USD: Support Python hooks and chasers to extend IO functionality #108825
This task is meant to initiate a discussion of design strategies for supporting Python hooks and callbacks (also known as
chasers) for extending USD import and export functionality. Although the current discussion will focus on USD IO in particular, the intent is to design an approach that can be generalized to support other formats as well.
As context, some DCCs allow extending the application's USD IO functionality through custom plugins. For example,
Solaris in Houdini supports authoring custom material shader translators as Python plugins . Maya’s USD plugin supports the concept of
chasers for import and export.
There have been previous discussions in the
pipeline-assets-io-module chat for supporting Python customization of Blender’s USD IO, as described here. In addition, a limited prototype was implemented in the
universal-scene-description branch for converting USD materials through Python callbacks. This prototype is currently being refactored and will be described in a separate design task in the near future.

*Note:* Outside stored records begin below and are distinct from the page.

(* For integers $0\le\ell\le n$, let $K_{n,\ell}$ be the number of fixed points of a uniformly random $\ell$-matching on $\{1,\dots,n\}$. If $n\to\infty$ and $\ell=\ell(n)$ satisfies $\ell/n\to\theta\in[0,1]$, then $K_{n,\ell}$ converges in distribution to a Poisson$(\theta)$ random variable; that is, for every fixed integer $k\ge0$, $$\mathbb P(K_{n,\ell}=k)\longrightarrow e^{-\theta}\frac{\theta^k}{k!}.$$
   Context: An $\ell$-matching on $\{1,\dots,n\}$ is an injection $\sigma:I\hookrightarrow\{1,\dots,n\}$ where $I\subseteq\{1,\dots,n\}$ with $|I|=\ell$; the uniform distribution is over all such pairs $(I,\sigma)$. A fixed point of $\sigma$ is an $i\in I$ with $\sigma(i)=i$. Poisson$(0)$ denotes the point mass at $0$. *)

theory Defs
  imports "HOL-Analysis.Analysis" "HOL-Library.FuncSet"
begin

text \<open>An l-matching on {1..n}: a pair (I, sigma) with I a subset of {1..n} of size l
  and sigma an injection from I into {1..n}; sigma is represented as an extensional
  function (undefined outside I), so distinct pairs are distinct matchings.\<close>
definition matchings :: "nat \<Rightarrow> nat \<Rightarrow> (nat set \<times> (nat \<Rightarrow> nat)) set" where
  "matchings n l = {(I, \<sigma>). I \<subseteq> {1..n} \<and> card I = l \<and>
      \<sigma> \<in> I \<rightarrow>\<^sub>E {1..n} \<and> inj_on \<sigma> I}"

definition fixed_points :: "nat set \<times> (nat \<Rightarrow> nat) \<Rightarrow> nat" where
  "fixed_points m = card {i \<in> fst m. snd m i = i}"

definition prob_fixed :: "nat \<Rightarrow> nat \<Rightarrow> nat \<Rightarrow> real" where
  "prob_fixed n l k =
     real (card {m \<in> matchings n l. fixed_points m = k}) / real (card (matchings n l))"

end

theory Submission
  imports Defs
begin

(* Fixing a set F of r points of an l-matching on {1..n} leaves an (l-r)-matching of the
   complement of F, and there are C(n,l)^2 l! l-matchings of an n-set; double counting pairs
   (m, F) with F among the fixed points of m therefore gives the binomial moments
   r! E[C(K,r)] = C(l,r) / C(n,r), which tend to theta^r, the factorial moments of
   Poisson(theta). Binomial inversion writes P(K = k) as the sum over r of
   (-1)^(r+k) C(r,k) E[C(K,r)]; its terms are dominated by C(r,k)/r!, so Tannery's theorem
   passes the limit through the series, which then sums to exp(-theta) theta^k / k!. *)

definition matchings_on :: "'a set \<Rightarrow> nat \<Rightarrow> ('a set \<times> ('a \<Rightarrow> 'a)) set" where
  "matchings_on A l = {(I, \<sigma>). I \<subseteq> A \<and> card I = l \<and> \<sigma> \<in> I \<rightarrow>\<^sub>E A \<and> inj_on \<sigma> I}"

definition fixed_point_set :: "'a set \<times> ('a \<Rightarrow> 'a) \<Rightarrow> 'a set" where
  "fixed_point_set m = {i \<in> fst m. snd m i = i}"

lemma matchings_eq_matchings_on: "matchings n l = matchings_on {1..n} l"
  by (simp add: matchings_def matchings_on_def)

lemma fixed_points_eq_card_fixed_point_set: "fixed_points m = card (fixed_point_set m)"
  by (simp add: fixed_points_def fixed_point_set_def)

lemma matchings_on_eq_Sigma:
  "matchings_on A l = (SIGMA I:{I. I \<subseteq> A \<and> card I = l}. {\<sigma> \<in> I \<rightarrow>\<^sub>E A. inj_on \<sigma> I})"
  by (auto simp: matchings_on_def)

lemma finite_injections_PiE:
  "finite I \<Longrightarrow> finite A \<Longrightarrow> finite {\<sigma> \<in> I \<rightarrow>\<^sub>E A. inj_on \<sigma> I}"
  by (simp add: finite_PiE)

lemma finite_matchings_on: "finite A \<Longrightarrow> finite (matchings_on A l)"
  unfolding matchings_on_eq_Sigma
  by (intro finite_SigmaI finite_injections_PiE) (auto intro: finite_subset)

lemma prod_diff_eq_fact_mult_choose: "(\<Prod>i<l. m - i) = fact l * (m choose l)"
proof (cases "l \<le> m")
  case True
  then have "real (\<Prod>i<l. m - i) = (\<Prod>i<l. real m - real i)"
    by simp
  also have "\<dots> = fact l * (real m gchoose l)"
    by (simp add: gbinomial_mult_fact atLeast0LessThan)
  also have "\<dots> = real (fact l * (m choose l))"
    by (simp add: binomial_gbinomial)
  finally show ?thesis
    by (simp only: of_nat_eq_iff)
next
  case False
  then show ?thesis
    by (auto simp: binomial_eq_0)
qed

lemma card_matchings_on:
  assumes "finite A"
  shows "card (matchings_on A l) = (card A choose l)^2 * fact l"
proof -
  have "card {\<sigma> \<in> I \<rightarrow>\<^sub>E A. inj_on \<sigma> I} = fact l * (card A choose l)"
    if "I \<subseteq> A" "card I = l" for I
    using card_inj_on_subset_funcset[of I A I] that assms
    by (simp add: finite_subset atLeast0LessThan prod_diff_eq_fact_mult_choose)
  then show ?thesis
    unfolding matchings_on_eq_Sigma using assms
    by (subst card_SigmaI) (auto simp: n_subsets power2_eq_square
        intro: finite_injections_PiE finite_subset)
qed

Such hooks can be very useful for adding missing or experimental USD conversion functionality and for handling custom schemas and attributes. The set of supported hooks might include the following:
- On Import/Export. Called immediately after import and before export finalizes, respectively.

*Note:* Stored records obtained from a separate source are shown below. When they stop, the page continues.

(* Assume $\Phi_0>0$, let $\gamma>1$ and $\tau>0$, and let $C$ be the set of $\tau$-cheap edges. If $F\subseteq E$ is an $r$-edge-cover with $\tau\ge\ell_F(B)$, then $\Phi(C\cap F)\le\Phi_0/\gamma$.
   Context: Bipartite Activation Edge-Multicover setting: a bipartite multigraph $G=(A\cup B,E)$, each edge $e=ab$ ($a\in A$, $b\in B$) with non-negative activation costs $c_e^a,c_e^b$, and non-negative integer requirements $r_b$ for $b\in B$. For $J\subseteq E$, $\delta_J(v)$ is the set of edges of $J$ at $v$, $\deg_J(v)=|\delta_J(v)|$, $\ell_J(v)=\max\{c_e^v:e\in\delta_J(v)\}$ ($0$ if empty), $\ell_J(U)=\sum_{v\in U}\ell_J(v)$; $J$ is an $r$-edge-cover if $\deg_J(b)\ge r_b$ for all $b\in B$. For $b\in B$, $w_b$ is the $r_b$-th smallest value $c_e^b$ over edges $e\in E$ incident to $b$ (with multiplicity), $w_b=0$ if $r_b=0$. $\Phi(J)=\sum_{b\in B}w_b\max\{r_b-\deg_J(b),0\}$ and $\Phi_0=\Phi(\emptyset)=\sum_{b\in B}w_br_b$. Given $\gamma$ and $\tau$, an edge $e$ incident to $b\in B$ is $\tau$-cheap if $c_e^b\le\gamma\tau\cdot\frac{w_br_b}{\Phi_0}$; $C=\bigcup_{b\in B}\{e\in\delta_E(b): c_e^b\le\gamma\tau\, w_br_b/\Phi_0\}$. *)

theory Defs
  imports Complex_Main "HOL-Library.Multiset"
begin

(* Bipartite multigraph: edges are identifiers 'e in a finite set E, each edge e
   has endpoint endA e \<in> A and endB e \<in> B (parallel edges allowed).
   Costs: cA e = c_e^a, cB e = c_e^b. *)

definition delta :: "'e set \<Rightarrow> ('e \<Rightarrow> 'v) \<Rightarrow> 'v \<Rightarrow> 'e set" where
  "delta J endp v = {e \<in> J. endp e = v}"

definition deg :: "'e set \<Rightarrow> ('e \<Rightarrow> 'v) \<Rightarrow> 'v \<Rightarrow> nat" where
  "deg J endp v = card (delta J endp v)"

definition ell :: "'e set \<Rightarrow> ('e \<Rightarrow> 'v) \<Rightarrow> ('e \<Rightarrow> real) \<Rightarrow> 'v \<Rightarrow> real" where
  "ell J endp c v = (if delta J endp v = {} then 0 else Max (c ` delta J endp v))"

definition ell_set :: "'e set \<Rightarrow> ('e \<Rightarrow> 'v) \<Rightarrow> ('e \<Rightarrow> real) \<Rightarrow> 'v set \<Rightarrow> real" where
  "ell_set J endp c U = (\<Sum>v\<in>U. ell J endp c v)"

definition is_edge_cover :: "'e set \<Rightarrow> ('e \<Rightarrow> 'b) \<Rightarrow> 'b set \<Rightarrow> ('b \<Rightarrow> nat) \<Rightarrow> bool" where
  "is_edge_cover J endB B r \<longleftrightarrow> (\<forall>b\<in>B. deg J endB b \<ge> r b)"

(* w_b: the r_b-th smallest value of c_e^b over edges of E incident to b
   (with multiplicity); 0 if r_b = 0 *)
definition wt :: "'e set \<Rightarrow> ('e \<Rightarrow> 'b) \<Rightarrow> ('e \<Rightarrow> real) \<Rightarrow> ('b \<Rightarrow> nat) \<Rightarrow> 'b \<Rightarrow> real" where
  "wt E endB cB r b = (if r b = 0 then 0
     else sorted_list_of_multiset (image_mset cB (mset_set (delta E endB b))) ! (r b - 1))"

definition Phi :: "'e set \<Rightarrow> ('e \<Rightarrow> 'b) \<Rightarrow> ('e \<Rightarrow> real) \<Rightarrow> 'b set \<Rightarrow> ('b \<Rightarrow> nat) \<Rightarrow> 'e set \<Rightarrow> real" where
  "Phi E endB cB B r J = (\<Sum>b\<in>B. wt E endB cB r b * max (real (r b) - real (deg J endB b)) 0)"

definition Phi0 :: "'e set \<Rightarrow> ('e \<Rightarrow> 'b) \<Rightarrow> ('e \<Rightarrow> real) \<Rightarrow> 'b set \<Rightarrow> ('b \<Rightarrow> nat) \<Rightarrow> real" where
  "Phi0 E endB cB B r = Phi E endB cB B r {}"

definition cheap :: "'e set \<Rightarrow> ('e \<Rightarrow> 'b) \<Rightarrow> ('e \<Rightarrow> real) \<Rightarrow> 'b set \<Rightarrow> ('b \<Rightarrow> nat) \<Rightarrow> real \<Rightarrow> real \<Rightarrow> 'e set" where
  "cheap E endB cB B r \<gamma> \<tau> = (\<Union>b\<in>B. {e \<in> delta E endB b.
      cB e \<le> \<gamma> * \<tau> * (wt E endB cB r b * real (r b)) / Phi0 E endB cB B r})"

end

theory Submission
  imports Defs
begin

text \<open>Each vertex \<open>b\<close> still deficient in \<open>C \<inter> F\<close> keeps an edge of the cover \<open>F\<close> that is not
  cheap; its cost bounds \<open>\<ell>\<^sub>F(b)\<close> from below, so the potential \<open>w\<^sub>b r\<^sub>b\<close> of \<open>b\<close> is less than
  \<open>\<Phi>\<^sub>0 \<ell>\<^sub>F(b) / (\<gamma>\<tau>)\<close>. Summing over \<open>B\<close> and using \<open>\<ell>\<^sub>F(B) \<le> \<tau>\<close> gives the bound.\<close>

lemma finite_delta: "finite J \<Longrightarrow> finite (delta J endp v)"
  by (simp add: delta_def)

lemma cost_le_ell:
  assumes "finite J" and "e \<in> J" and "endp e = v"
  shows "c e \<le> ell J endp c v"
proof -
  have "e \<in> delta J endp v" using assms(2,3) by (simp add: delta_def)
  moreover have "finite (delta J endp v)" using assms(1) by (rule finite_delta)
  ultimately show ?thesis by (auto simp: ell_def)
qed

lemma ell_nonneg:
  assumes "finite J" and "\<forall>e\<in>J. c e \<ge> 0"
  shows "ell J endp c v \<ge> 0"
proof (cases "delta J endp v = {}")
  case True
  then show ?thesis by (simp add: ell_def)
next
  case False
  then obtain e where "e \<in> J" and "endp e = v" by (auto simp: delta_def)
  then show ?thesis using assms cost_le_ell[of J e endp v c] by fastforce
qed

lemma deg_less_imp_edge_outside:
  assumes "finite J" and "deg (X \<inter> J) endp v < deg J endp v"
  shows "\<exists>e\<in>J. e \<notin> X \<and> endp e = v"
proof (rule ccontr)
  assume "\<not> ?thesis"
  then have "delta J endp v \<subseteq> delta (X \<inter> J) endp v" by (auto simp: delta_def)
  moreover have "finite (delta (X \<inter> J) endp v)" using assms(1) by (simp add: finite_delta)
  ultimately show False using assms(2) by (simp add: deg_def card_mono leD)
qed

lemma cost_gt_if_not_cheap:
  assumes "b \<in> B" and "e \<in> E" and "endB e = b" and "e \<notin> cheap E endB cB B r \<gamma> \<tau>"
  shows "\<gamma> * \<tau> * (wt E endB cB r b * real (r b)) / Phi0 E endB cB B r < cB e"
  using assms by (force simp: cheap_def delta_def)

lemma deficit_term_le_ell:
  assumes "finite F" and "F \<subseteq> E" and "\<forall>e\<in>F. cB e \<ge> 0"
    and "Phi0 E endB cB B r > 0" and "\<gamma> * \<tau> > 0"
    and "is_edge_cover F endB B r" and "b \<in> B"
  shows "wt E endB cB r b * max (real (r b) - real (deg (cheap E endB cB B r \<gamma> \<tau> \<inter> F) endB b)) 0
    \<le> Phi0 E endB cB B r / (\<gamma> * \<tau>) * ell F endB cB b"
    (is "?w * max (_ - real (deg (?C \<inter> F) endB b)) 0 \<le> ?P / ?g * ?l")
proof -
  have rhs_nonneg: "0 \<le> ?P / ?g * ?l"
    using assms(4,5) ell_nonneg[OF assms(1,3), of endB b] by simp
  show ?thesis
  proof (cases "?w < 0 \<or> deg (?C \<inter> F) endB b \<ge> r b")
    case True
    then have "?w * max (real (r b) - real (deg (?C \<inter> F) endB b)) 0 \<le> 0"
      by (auto simp: mult_nonpos_nonneg)
    with rhs_nonneg show ?thesis by linarith
  next
    case False
    then have w_nonneg: "?w \<ge> 0" and deficient: "deg (?C \<inter> F) endB b < r b" by auto
    moreover have "r b \<le> deg F endB b" using assms(6,7) by (simp add: is_edge_cover_def)
    ultimately obtain e where e: "e \<in> F" "e \<notin> ?C" "endB e = b"
      using deg_less_imp_edge_outside[OF assms(1)] by (meson less_le_trans)
    have "?g * (?w * real (r b)) / ?P < cB e"
      using e assms(2) by (intro cost_gt_if_not_cheap[OF assms(7)]) auto
    moreover have "cB e \<le> ?l" using e by (intro cost_le_ell[OF assms(1)])
    ultimately have "?g * (?w * real (r b)) / ?P < ?l" by linarith
    then have "?w * real (r b) < ?P / ?g * ?l"
      using assms(4,5) by (simp add: field_simps)
    moreover have "?w * max (real (r b) - real (deg (?C \<inter> F) endB b)) 0 \<le> ?w * real (r b)"
      using w_nonneg by (intro mult_left_mono) auto
    ultimately show ?thesis by linarith
  qed
qed

theorem mainTheorem10:
  fixes A :: "'a set" and B :: "'b set" and E :: "'e set"
    and endA :: "'e \<Rightarrow> 'a" and endB :: "'e \<Rightarrow> 'b"
    and cA cB :: "'e \<Rightarrow> real" and r :: "'b \<Rightarrow> nat"
    and \<gamma> \<tau> :: real and F :: "'e set"
  assumes "finite A" and "finite B" and "finite E"
    and "\<forall>e\<in>E. endA e \<in> A \<and> endB e \<in> B"
    and "\<forall>e\<in>E. cA e \<ge> 0 \<and> cB e \<ge> 0"
    and "Phi0 E endB cB B r > 0"
    and "\<gamma> > 1" and "\<tau> > 0"
    and "F \<subseteq> E" and "is_edge_cover F endB B r"
    and "\<tau> \<ge> ell_set F endB cB B"
  shows "Phi E endB cB B r (cheap E endB cB B r \<gamma> \<tau> \<inter> F) \<le> Phi0 E endB cB B r / \<gamma>"
proof -
  let ?P = "Phi0 E endB cB B r"
  have finF: "finite F" using assms(3,9) finite_subset by blast
  have costs: "\<forall>e\<in>F. cB e \<ge> 0" using assms(5,9) by auto
  have g: "\<gamma> * \<tau> > 0" using assms(7,8) by simp
  have "Phi E endB cB B r (cheap E endB cB B r \<gamma> \<tau> \<inter> F)
      \<le> (\<Sum>b\<in>B. ?P / (\<gamma> * \<tau>) * ell F endB cB b)"
    unfolding Phi_def
    by (intro sum_mono deficit_term_le_ell[OF finF assms(9) costs assms(6) g assms(10)])
  also have "\<dots> = ?P / (\<gamma> * \<tau>) * ell_set F endB cB B"
    by (simp add: ell_set_def sum_distrib_left)
  also have "\<dots> \<le> ?P / (\<gamma> * \<tau>) * \<tau>"
    using assms(6,11) g by (intro mult_left_mono) auto
  also have "\<dots> = ?P / \<gamma>" using assms(8) by simp
  finally show ?thesis .
qed

end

- On Prim Import/Export. Customize per-prim conversion.
- Material Conversion. Handle converting custom material types. On export, multiple hooks could be used to support different shading contexts for the same material.
Arguments for such callbacks would typically include a pointer to the USD stage and a mapping between USD prims and Blender objects.
The implementation strategy for this feature in Blender requires further discussion. As a starting point, it may be useful to describe a simple and direct approach for invoking such callbacks in user-specified modules:
- Users implement Python add-ons that define the required chaser functions.
- The chaser module names are provided as a parameter to the USD IO operators.
- The USD IO code calls the chaser functions in the given modules using the
boost::pythonbindings provided by the USD libraries.
An advantage of this strategy is that it is straightforward to implement and requires no changes to Blender code outside the USD IO module. However, providing module names as a parameter requires an extra step in the workflow and is error prone.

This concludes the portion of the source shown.